lemma sum_residues_eq_limit_at_infinity:
  fixes H :: "complex \<Rightarrow> complex"
  assumes holo: "H holomorphic_on - P" and "finite P"
    and lim: "((\<lambda>t. t * (H t - poly p t)) \<longlongrightarrow> c) at_infinity"
  shows "(\<Sum>w\<in>P. residue H w) = c"
proof -
  define K where "K = (\<Sum>w\<in>P. residue H w)"
  obtain R where "0 < R" and R: "P \<subseteq> ball 0 R"
    using bounded_subset_ballD[OF finite_imp_bounded[OF \<open>finite P\<close>]] by blast
  have "norm (K - c) \<le> e" if "e > 0" for e
  proof -
    obtain b where b: "\<And>t. b \<le> norm t \<Longrightarrow> norm (t * (H t - poly p t) - c) < e"
      using tendstoD[OF lim \<open>e > 0\<close>] unfolding eventually_at_infinity dist_norm by blast
    define r where "r = max R b"
    have "0 < r" "b \<le> r" and "P \<subseteq> ball 0 r"
      using \<open>0 < R\<close> R by (auto simp: r_def)
    have "((\<lambda>u. H u - poly p u - c / (u - 0)) has_contour_integral
        2 * pi * \<i> * K - 0 - 2 * of_real pi * \<i> * c) (circlepath 0 r)"
    proof (intro has_contour_integral_diff)
      show "(H has_contour_integral 2 * pi * \<i> * K) (circlepath 0 r)"
        unfolding K_def by (rule has_contour_integral_circlepath_sum_residues) fact+
      show "(poly p has_contour_integral 0) (circlepath 0 r)"
        by (rule Cauchy_theorem_convex_simple[of _ UNIV]) (auto intro: holomorphic_intros)
      show "((\<lambda>u. c / (u - 0)) has_contour_integral 2 * of_real pi * \<i> * c) (circlepath 0 r)"
        using Cauchy_integral_circlepath_simple[of "\<lambda>_. c" 0 r 0] \<open>0 < r\<close> by simp
    qed
    moreover have "norm (H u - poly p u - c / (u - 0)) \<le> e / r" if "norm (u - 0) = r" for u
    proof -
      have "u \<noteq> 0"
        using that \<open>0 < r\<close> by auto
      then have "H u - poly p u - c / (u - 0) = (u * (H u - poly p u) - c) / u"
        by (simp add: field_simps)
      then show ?thesis
        using b[of u] that \<open>b \<le> r\<close> \<open>0 < r\<close> by (simp add: norm_divide divide_right_mono)
    qed
    ultimately have "norm (2 * pi * \<i> * K - 0 - 2 * of_real pi * \<i> * c) \<le> e / r * (2 * pi * r)"
      using \<open>0 < r\<close> \<open>e > 0\<close> by (intro has_contour_integral_bound_circlepath) auto
    moreover have "2 * pi * \<i> * K - 0 - 2 * of_real pi * \<i> * c = (2 * pi * \<i>) * (K - c)"
      by (simp add: algebra_simps)
    ultimately show ?thesis
      using \<open>0 < r\<close> by (simp add: norm_mult)
  qed
  then have "norm (K - c) \<le> 0"
    by (rule field_le_epsilon) simp
  then show ?thesis
    by (simp add: K_def)
qed

lemma A4_solution_laurent_system:
  assumes "A4_rational_solution \<alpha> f"
  obtains L where "\<forall>j<5. (\<lambda>x. f j (z + x)) has_laurent_expansion L j"
    and "\<forall>j<5. fls_deriv (L j) = L j * A4_alt_sum L j + fls_const (of_real (\<alpha> j))"
    and "(\<Sum>j<5. L j) = fls_const z + fls_X"
proof -
  obtain F where rat: "\<forall>j<5. rational_fun (f j)" and "finite F"
    and ode: "\<And>t j. t \<notin> F \<Longrightarrow> j < 5 \<Longrightarrow>
      (f j has_field_derivative f j t * A4_alt_sum (\<lambda>i. f i t) j + of_real (\<alpha> j)) (at t)"
    and sum: "\<And>t. t \<notin> F \<Longrightarrow> (\<Sum>j<5. f j t) = t"
    using assms unfolding A4_rational_solution_def A4_alt_sum_def by blast
  have "\<forall>j<5. \<exists>F. (\<lambda>x. f j (z + x)) has_laurent_expansion F"
    using rat rational_fun_has_laurent_expansion by metis
  then obtain L where L: "\<forall>j<5. (\<lambda>x. f j (z + x)) has_laurent_expansion L j"
    by (auto simp: choice_iff')
  define A where "A = - ((\<lambda>t. t - z) ` F - {0})"
  have "open A"
    unfolding A_def using \<open>finite F\<close> by (intro open_Compl finite_imp_closed) auto
  have "0 \<in> A"
    by (simp add: A_def)
  have A: "z + x \<notin> F" if "x \<in> A - {0}" for x
    using that by (force simp: A_def)
  have "fls_deriv (L j) = L j * A4_alt_sum L j + fls_const (of_real (\<alpha> j))" if "j < 5" for j
  proof -
    have "(\<lambda>x. f j (z + x) * A4_alt_sum (\<lambda>i. f i (z + x)) j + of_real (\<alpha> j))
        has_laurent_expansion fls_deriv (L j)"
    proof (rule has_laurent_expansion_deriv'[OF L[rule_format, OF that] \<open>open A\<close> \<open>0 \<in> A\<close>])
      fix x assume "x \<in> A - {0}"
      then have "(f j has_field_derivative
          f j (z + x) * A4_alt_sum (\<lambda>i. f i (z + x)) j + of_real (\<alpha> j)) (at (x + z))"
        using ode[OF A \<open>j < 5\<close>] by (simp add: add.commute)
      then have "((\<lambda>x. f j (x + z)) has_field_derivative
          f j (z + x) * A4_alt_sum (\<lambda>i. f i (z + x)) j + of_real (\<alpha> j)) (at x)"
        by (rule DERIV_shift[THEN iffD1])
      then show "((\<lambda>x. f j (z + x)) has_field_derivative
          f j (z + x) * A4_alt_sum (\<lambda>i. f i (z + x)) j + of_real (\<alpha> j)) (at x)"
        by (simp only: add.commute)
    qed
    moreover have "(\<lambda>x. f j (z + x) * A4_alt_sum (\<lambda>i. f i (z + x)) j + of_real (\<alpha> j))
        has_laurent_expansion L j * A4_alt_sum L j + fls_const (of_real (\<alpha> j))"
      unfolding A4_alt_sum_def using L that by (intro laurent_expansion_intros) auto
    ultimately show ?thesis
      by (rule has_laurent_expansion_unique)
  qed
  moreover have "(\<Sum>j<5. L j) = fls_const z + fls_X"
  proof -
    have "eventually (\<lambda>x. x \<in> A - {0}) (at 0)"
      using eventually_at_in_open[OF \<open>open A\<close> \<open>0 \<in> A\<close>] .
    then have "eventually (\<lambda>x. z + x = (\<Sum>j<5. f j (z + x))) (at 0)"
      by eventually_elim (simp add: A sum)
    moreover have "(\<lambda>x. z + x) has_laurent_expansion fls_const z + fls_X"
      by (intro laurent_expansion_intros)
    ultimately have "(\<lambda>x. \<Sum>j<5. f j (z + x)) has_laurent_expansion fls_const z + fls_X"
      by (rule has_laurent_expansion_cong[OF _ refl, THEN iffD1])
    moreover have "(\<lambda>x. \<Sum>j<5. f j (z + x)) has_laurent_expansion (\<Sum>j<5. L j)"
      using L by (intro has_laurent_expansion_sum) auto
    ultimately show ?thesis
      by (rule has_laurent_expansion_unique[rotated])
  qed
  ultimately show ?thesis
    using that L by blast
qed

lemma A4_H_residue_nonneg:
  assumes "\<forall>i<5. 0 \<le> \<alpha> i" and "A4_rational_solution \<alpha> f"
  shows "Im (residue (A4_H f) z) = 0 \<and> 0 \<le> Re (residue (A4_H f) z)"
proof -
  obtain L where L: "\<forall>j<5. (\<lambda>x. f j (z + x)) has_laurent_expansion L j"
    and ode: "\<forall>j<5. fls_deriv (L j) = L j * A4_alt_sum L j + fls_const (of_real (\<alpha> j))"
    and sum: "(\<Sum>j<5. L j) = fls_const z + fls_X"
    using A4_solution_laurent_system[OF assms(2)] by blast
  have "(\<lambda>x. A4_H f (z + x)) has_laurent_expansion A4_hamiltonian L"
    unfolding A4_H_def A4_hamiltonian_def using L by (intro laurent_expansion_intros) auto
  then have "residue (A4_H f) z = fls_residue (A4_hamiltonian L)"
    by (rule has_laurent_expansion_residue)
  then show ?thesis
    using A4_fls_hamiltonian_residue_nonneg[OF ode sum assms(1)] by simp
qed

theorem lemma3p3:
  fixes \<alpha> :: "nat \<Rightarrow> real" and f :: "nat \<Rightarrow> complex \<Rightarrow> complex"
  assumes "\<forall>i<5. 0 \<le> \<alpha> i \<and> \<alpha> i \<le> 1"
    and "(\<Sum>i<5. \<alpha> i) = 1"
    and "A4_rational_solution \<alpha> f"
  shows "Im (laurent_inf_coeff_m1 (A4_H f)) = 0 \<and> Re (laurent_inf_coeff_m1 (A4_H f)) \<ge> 0"
proof -
  \<comment> \<open>only \<open>\<alpha>\<^sub>i \<ge> 0\<close> is needed\<close>
  have nonneg: "\<forall>i<5. 0 \<le> \<alpha> i"
    using assms(1) by blast
  have "\<forall>j<5. rational_fun (f j)"
    using assms(3) unfolding A4_rational_solution_def by blast
  moreover have "A4_H f = (\<lambda>t. \<Sum>j<5. f j t * f ((j+1) mod 5) t * f ((j+2) mod 5) t)"
    by (simp add: fun_eq_iff A4_H_def)
  ultimately have rational: "rational_fun (A4_H f)"
    by (auto intro!: rational_fun_sum rational_fun_mult)
  obtain P where "finite P" and holo: "A4_H f holomorphic_on - P"
    using rational_fun_holomorphic[OF rational] by blast
  obtain p c where lim: "((\<lambda>t. t * (A4_H f t - poly p t)) \<longlongrightarrow> c) at_infinity"
    using rational_fun_tendsto_at_infinity[OF rational] by blast
  have "laurent_inf_coeff_m1 (A4_H f) = (\<Sum>w\<in>P. residue (A4_H f) w)"
    using laurent_inf_coeff_m1_eqI[OF lim]
      sum_residues_eq_limit_at_infinity[OF holo \<open>finite P\<close> lim] by simp
  then show ?thesis
    using A4_H_residue_nonneg[OF nonneg assms(3)] by (simp add: Im_sum Re_sum sum_nonneg)
qed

Required work
Exactly as written, copy the lines from the one containing "using laurent_inf_coeff_m1_eqI[OF lim]" to the end of the entries, both ends included.

Task output
    using laurent_inf_coeff_m1_eqI[OF lim]
      sum_residues_eq_limit_at_infinity[OF holo \<open>finite P\<close> lim] by simp
  then show ?thesis
    using A4_H_residue_nonneg[OF nonneg assms(3)] by (simp add: Im_sum Re_sum sum_nonneg)
qed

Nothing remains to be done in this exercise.